Pentagon will furlough civilians, curtail military operations in shutdown

Pentagon officials are preparing to furlough nearly all of the department’s civilian workforce, severely curtail day-to-day U.S. military operations and bring any plans for new business contracts to a halt if the federal government shuts down next week. 

The shutdown plan, drafted by Deputy Defense Secretary Ashton Carter and released Friday, closely follows the Defense Department contingency blueprint issued by military leaders in anticipation of the last shutdown threat in 2011.

Despite those sharp reductions, department and service leaders will continue to carry out “essential operations in the absence of appropriated funds,” Carter said in a memorandum Friday.

“The department will, of course, continue to prosecute the war in Afghanistan … as well [as] continue many other operations necessary for the safety of human life and protection of property,” Carter said in the Pentagon-wide memo.

On Friday, the Senate voted along party lines to pass a stopgap spending measure lasting until Nov. 15 after removing controversial language to defund ObamaCare.

The 54-44 vote puts the Senate on a collision course with the House, where Speaker John Boehner (R-Ohio) has said the stripped-down bill would not reach the floor.

If Congress does not resolve the impasse by Tuesday, funding will expire, and many government services would be limited.

But merely planning for a potential shutdown is already having a negative impact on the Department of Defense.

“The planning itself is disruptive,” Pentagon Comptroller Robert Hale said Friday. 

Top DOD offices are wasting “thousands of hours of employee time” that could be used to address pressing national security issues facing the United States, Hale told reporters at the Pentagon. 

“I am in triage mode,” Hale said, describing the department’s efforts to prepare for a looming shutdown. 

That said, “I hope we are all wasting our time” in preparing for a shutdown, Hale said, adding that Congress needed to take action immediately. 

Carter listed more than 40 essential Pentagon and service-led activities that would be exempted from a possible government shutdown on Oct. 1.

Nearly all of those activities on the exempted list are “determined to be necessary for national security,” according to Carter.

Aside from combat operations in Afghanistan and elsewhere, the national security missions on the list range from ongoing intelligence operations to maintaining dining halls and gyms “required for readiness” of U.S. forces.

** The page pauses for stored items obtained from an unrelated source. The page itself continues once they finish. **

(* Let $\bar{\mathbb{P}}\in\mathcal{M}_1$ and let $\alpha$ be of the form $\alpha(Q)=\widetilde\alpha(Q)$ for $Q\in\mathcal{Q}^{\bar{\mathbb{P}}}$ and $\alpha(Q)=+\infty$ for $Q\in\mathcal{M}_1\setminus\mathcal{Q}^{\bar{\mathbb{P}}}$, where $\mathcal{Q}^{\bar{\mathbb{P}}}$ is a weak-$*$-closed subset of $\mathcal{P}^{\bar{\mathbb{P}}}$, $\widetilde\alpha(Q)<\infty$ for all $Q\in\mathcal{Q}^{\bar{\mathbb{P}}}$ and $\inf_{Q\in\mathcal{Q}^{\bar{\mathbb{P}}}}\widetilde\alpha(Q)>-\infty$. Then for every $P\in\mathcal{M}_1$ satisfying either $\bar{\mathbb{P}}\ll P$ or $\bar{\mathbb{P}}\perp P$ we have $C^P=\widehat C^P$ and $\rho^P=\widehat\rho^P=\widetilde\rho^P$, i.e. for all $X\in L^\infty(P)$ $$\sup_{Q\in\mathcal{Q}^{\bar{\mathbb{P}}}}\inf_{\{\widetilde X\in\mathcal{X}:P(\widetilde X=X)=1\}}\{\mathbb{E}_Q[-\widetilde X]-\widetilde\alpha(Q)\}=\inf_{\{\widetilde X\in\mathcal{X}:P(\widetilde X=X)=1\}}\sup_{Q\in\mathcal{Q}^{\bar{\mathbb{P}}}}\{\mathbb{E}_Q[-\widetilde X]-\widetilde\alpha(Q)\}=\rho^P(X).$$ In particular, if $\bar{\mathbb{P}}\ll P$ then the restriction of $\rho^P=\widehat\rho^P=\widetilde\rho^P$ to $\mathcal{X}$ equals $\rho$, and if $\bar{\mathbb{P}}\perp P$ then $\rho^P=\widehat\rho^P=\widetilde\rho^P\equiv-\infty$. Moreover, for all $P\in\mathcal{M}_1$, $$\widehat\rho^P|_{\mathcal{X}}\le\rho^P|_{\mathcal{X}}\le\rho=\rho^{\bar{\mathbb{P}}}|_{\mathcal{X}}=\widehat\rho^{\bar{\mathbb{P}}}|_{\mathcal{X}},$$ and $\widehat\rho^P\le\rho^P\le\rho^{\bar{\mathbb{P}}}=\widehat\rho^{\bar{\mathbb{P}}}$ on $L^\infty(P)\cap L^\infty(\bar{\mathbb{P}})$.
   Context: $(\Omega,\mathcal{F})$ is a measurable space, $\mathcal{M}_1$ the set of probability measures on it endowed with the topology of weak (weak-$*$) convergence, $\mathcal{X}$ the space of pointwise bounded $\mathcal{F}$-measurable real functions, $L^\infty(P)=L^\infty(\Omega,\mathcal{F},P)$, $\mathcal{P}^P=\{Q\in\mathcal{M}_1:Q\ll P\}$. With $\alpha$ as in the claim, $\rho(X):=\sup_{Q\in\mathcal{M}_1}\{\mathbb{E}_Q[-X]-\alpha(Q)\}$ for $X\in\mathcal{X}$ (assumed real-valued). For $P\in\mathcal{M}_1$ and $X\in L^\infty(P)$: $\rho^P(X)=\inf_{\{\widetilde X\in\mathcal{X}:P(\widetilde X=X)=1\}}\rho(\widetilde X)$; $\widehat\rho^P(X)=\sup_{Q\in\mathcal{P}^P}\{\mathbb{E}_Q[-X]-\alpha(Q)\}$; $\widetilde\rho^P(X)=\sup_{Q\in\mathcal{M}_1}\inf_{\{\widetilde X\in\mathcal{X}:P(\widetilde X=X)=1\}}\{\mathbb{E}_Q[-\widetilde X]-\alpha(Q)\}$; $C^P=\{X\in L^\infty(P):\rho^P(X)\le0\}$, $\widehat C^P=\{X\in L^\infty(P):\widehat\rho^P(X)\le0\}$. *)

theory Defs
  imports "HOL-Probability.Probability"
begin

text \<open>The measurable space (Omega, F) is represented by a measure M; only
  space M and sets M are used.\<close>

definition M1 :: "'a measure \<Rightarrow> 'a measure set" where
  "M1 M = {Q. prob_space Q \<and> sets Q = sets M}"

definition bdd_meas :: "'a measure \<Rightarrow> ('a \<Rightarrow> real) set" where
  "bdd_meas M = {X. X \<in> borel_measurable M \<and> (\<exists>c. \<forall>\<omega>\<in>space M. \<bar>X \<omega>\<bar> \<le> c)}"

text \<open>L-infinity(P), represented by measurable, P-essentially bounded functions
  (all notions below only depend on the P-a.s. class).\<close>
definition Linf :: "'a measure \<Rightarrow> ('a \<Rightarrow> real) set" where
  "Linf P = {X. X \<in> borel_measurable P \<and> (\<exists>c. AE \<omega> in P. \<bar>X \<omega>\<bar> \<le> c)}"

definition mut_singular :: "'a measure \<Rightarrow> 'a measure \<Rightarrow> bool" where
  "mut_singular P Q \<longleftrightarrow> (\<exists>A\<in>sets P. emeasure P A = 0 \<and> emeasure Q (space Q - A) = 0)"
(* Let $p$ be a prime, $e,r\ge2$ and $c,d\ge1$ integers with $d\mid e-1$, and let $R$ be a ring of characteristic $p^{r+1}$. Let $\mathbb S=R[x][y;\alpha]$ with $\alpha$ the $R$-ring automorphism of $R[x]$ given by $\alpha(x)=x+px^e$ (so $yx=(x+px^e)y$). Define $\Sigma_m=\frac{e^m-1}{e-1}$ for $m\in\mathbb N$, let $\mu\ge1$ be the integer with $c\Sigma_{\mu-1}\le r<c\Sigma_\mu$, and set $\overline\Sigma_m=c\Sigma_m$ for $0\le m\le\mu$ and $\overline\Sigma_{\mu+s}=c(s+\Sigma_\mu)+sr(e-1)$ for $s\in\mathbb N$. Let $$\widetilde{\mathcal T}=\{x^ny^m: m,n\in\mathbb N,\ n-cm\in d\mathbb Z\},\qquad \mathcal T=\{x^ny^m: m,n\in\mathbb N,\ n-cm\in d\mathbb N,\ n\le\overline\Sigma_m\},$$ and let $A=\bigoplus_{\tau\in\mathcal T}R\tau$ and $\widetilde A=\bigoplus_{\tau\in\widetilde{\mathcal T}}R\tau$. Then $A$ and $\widetilde A$ are subrings of $\mathbb S$; $A$ is a strongly nicely essential subring of $\widetilde A$; and $\widetilde A$ is a special subextension of $\mathbb S$ regarded as the univariate Ore extension $R[x][y;\alpha]$ over $R[x]$ (with, for each $m$, attached data $\lambda_m=x^{cm}y^m$, $B_m=R[x^d]$ and $\alpha_{(m)}$ the restriction of $\alpha^m$ to $R[x^d]$).
   Context: $\mathbb S$ is free as a left $R$-module on $\{x^ny^m:m,n\in\mathbb N\}$. A subring $A$ of a ring $B$ is nicely essential if for every finite set $E\subseteq B$ of non-zero elements there is $a\in A$ with $0\ne ax\in A$ for all $x\in E$; strongly nicely essential if moreover for every $z\in B$ there is $c\in A$ with $\{a\in A:ac=0\}=0$ and $cz\in A$. For $S=R[x]$ (free over $R$) and the Ore extension $S[y;\alpha]$: for a subring $A'\supseteq R$, $\operatorname{Deg}_y(A')=\{\deg_yf:0\ne f\in A'\}$, $d_{A'}=\gcd(\operatorname{Deg}_y(A')\setminus\{0\})$ if $A'\not\subseteq S$, else $0$; $A'$ is a special subextension if $A'=\sum_m(A'\cap Sy^m)$, $\operatorname{Deg}_y(A')=d_{A'}\mathbb N$, and for each $0\ne m\in\operatorname{Deg}_y(A')$ there exist $\lambda_m=\upsilon_my^m\in A'$ with $\upsilon_m$ regular in $S$, a subring $B_m$ with $R\subseteq B_m\subseteq A'\cap S$ and an automorphism $\alpha_{(m)}$ of $B_m$ such that $\deg_y(\lambda_mq-\alpha_{(m)}(q)\lambda_m)<m$ for all $q\in B_m$, and for every $q\in S$ with $qy^m\in A'$ some $u\in B_m$ regular in $S$ with $uqy^m\in B_m\lambda_m$. *)

theory Defs
  imports Main "HOL-Computational_Algebra.Primes"
begin

text \<open>The Ore extension S = R[x][y;alpha] is presented abstractly: an ambient unital
ring of type 'a, a unital subring R, and elements x, y such that R commutes with x and y,
y x = (x + p x^e) y, and S is free as a left R-module on the monomials x^n y^m.\<close>

definition is_subring :: "'a::ring_1 set \<Rightarrow> bool" where
  "is_subring A \<longleftrightarrow> 0 \<in> A \<and> 1 \<in> A \<and> (\<forall>a\<in>A. \<forall>b\<in>A. a + b \<in> A \<and> a - b \<in> A \<and> a * b \<in> A)"

definition rep :: "'a::ring_1 set \<Rightarrow> 'a \<Rightarrow> 'a \<Rightarrow> (nat \<Rightarrow> nat \<Rightarrow> 'a) \<Rightarrow> 'a \<Rightarrow> bool" where
  "rep R x y c s \<longleftrightarrow> (\<forall>n m. c n m \<in> R) \<and> finite {(n, m). c n m \<noteq> 0} \<and>
     s = (\<Sum>(n, m)\<in>{(n, m). c n m \<noteq> 0}. c n m * x ^ n * y ^ m)"

definition ore_setup :: "'a::ring_1 set \<Rightarrow> 'a \<Rightarrow> 'a \<Rightarrow> nat \<Rightarrow> nat \<Rightarrow> bool" where
  "ore_setup R x y p e \<longleftrightarrow> is_subring R \<and> (\<forall>a\<in>R. a * x = x * a \<and> a * y = y * a) \<and>
     y * x = (x + of_nat p * x ^ e) * y \<and> (\<forall>s. \<exists>!c. rep R x y c s)"

definition coef :: "'a::ring_1 set \<Rightarrow> 'a \<Rightarrow> 'a \<Rightarrow> 'a \<Rightarrow> nat \<Rightarrow> nat \<Rightarrow> 'a" where
  "coef R x y s = (THE c. rep R x y c s)"

definition Rspan :: "'a::ring_1 set \<Rightarrow> 'a \<Rightarrow> 'a \<Rightarrow> (nat \<times> nat) set \<Rightarrow> 'a set" where
  "Rspan R x y I = {s. \<exists>c. rep R x y c s \<and> (\<forall>n m. c n m \<noteq> 0 \<longrightarrow> (n, m) \<in> I)}"

definition Rx :: "'a::ring_1 set \<Rightarrow> 'a \<Rightarrow> 'a \<Rightarrow> 'a set" where
  "Rx R x y = Rspan R x y {(n, m). m = 0}"

definition alpha :: "'a::ring_1 set \<Rightarrow> 'a \<Rightarrow> 'a \<Rightarrow> nat \<Rightarrow> nat \<Rightarrow> 'a \<Rightarrow> 'a" where
  "alpha R x y p e s = (\<Sum>n\<in>{n. coef R x y s n 0 \<noteq> 0}. coef R x y s n 0 * (x + of_nat p * x ^ e) ^ n)"

definition nicely_essential :: "'a::ring_1 set \<Rightarrow> 'a set \<Rightarrow> bool" where
  "nicely_essential A B \<longleftrightarrow>
     (\<forall>E. finite E \<longrightarrow> E \<subseteq> B - {0} \<longrightarrow> (\<exists>a\<in>A. \<forall>z\<in>E. a * z \<noteq> 0 \<and> a * z \<in> A))"

definition strongly_nicely_essential :: "'a::ring_1 set \<Rightarrow> 'a set \<Rightarrow> bool" where
  "strongly_nicely_essential A B \<longleftrightarrow> nicely_essential A B \<and>
     (\<forall>z\<in>B. \<exists>c\<in>A. {a\<in>A. a * c = 0} = {0} \<and> c * z \<in> A)"

text \<open>y-degree (for nonzero elements): largest m with a nonzero coefficient of some x^n y^m\<close>
definition deg_y :: "'a::ring_1 set \<Rightarrow> 'a \<Rightarrow> 'a \<Rightarrow> 'a \<Rightarrow> nat" where
  "deg_y R x y f = Max {m. \<exists>n. coef R x y f n m \<noteq> 0}"

definition Deg_y :: "'a::ring_1 set \<Rightarrow> 'a \<Rightarrow> 'a \<Rightarrow> 'a set \<Rightarrow> nat set" where
  "Deg_y R x y A' = {deg_y R x y f | f. f \<in> A' \<and> f \<noteq> 0}"

definition d_of :: "'a::ring_1 set \<Rightarrow> 'a \<Rightarrow> 'a \<Rightarrow> 'a set \<Rightarrow> nat" where
  "d_of R x y A' = (if A' \<subseteq> Rx R x y then 0 else Gcd (Deg_y R x y A' - {0}))"

definition regular_in :: "'a::ring_1 set \<Rightarrow> 'a \<Rightarrow> bool" where
  "regular_in S u \<longleftrightarrow> u \<in> S \<and> (\<forall>s\<in>S. (u * s = 0 \<longrightarrow> s = 0) \<and> (s * u = 0 \<longrightarrow> s = 0))"

definition ring_aut :: "'a::ring_1 set \<Rightarrow> ('a \<Rightarrow> 'a) \<Rightarrow> bool" where
  "ring_aut B f \<longleftrightarrow> bij_betw f B B \<and> f 1 = 1 \<and>
     (\<forall>a\<in>B. \<forall>b\<in>B. f (a + b) = f a + f b \<and> f (a * b) = f a * f b)"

Should the White House order combat operations, such as military action in Syria, that mission and others would also be exempted from the effects of a shutdown, Hale added. 

As a result, all U.S. service members “will continue to report for duty,” even if the federal government shutters its doors on Monday.

Those soldiers, sailors, airmen and Marines will carry out their assigned jobs, as well as pick up additional work left behind by furloughed civilians, according to the Pentagon guidance.

“A minimum number of civilian employees may be retained as needed,” but only to oversee the shutdown of those day-to-day operations deemed unnecessary by Defense Department leaders.

Roughly 400,000 civilian employees — half of the entire civilian workforce — would be sent home from the Pentagon and other DOD installations as a result of a shutdown, Hale said. 

“I would expect [civilian furloughs] to be in that vicinity,” Hale added. 

Pay for civilians who are furloughed would come only if Congress passed a law approving it, Pentagon press secretary George Little said last week.

While service members would continue to work in the event of a shutdown, their paychecks would be delayed until the shutdown ends.

However, Carter and Defense Secretary Chuck Hagel held out hope congressional lawmakers would be able to reach an eleventh-hour deal to avoid a shutdown.

“Secretary [Hagel] and I hope the Department of Defense will receive a [continuing resolution]” before the Oct. 1 deadline, Carter said.

Friday’s Pentagon guidance “is intended to support prudent planning” for a shutdown, and not in anticipation of a guaranteed outcome, he added.

— This story was originally posted at 2:11 p.m. and has been updated.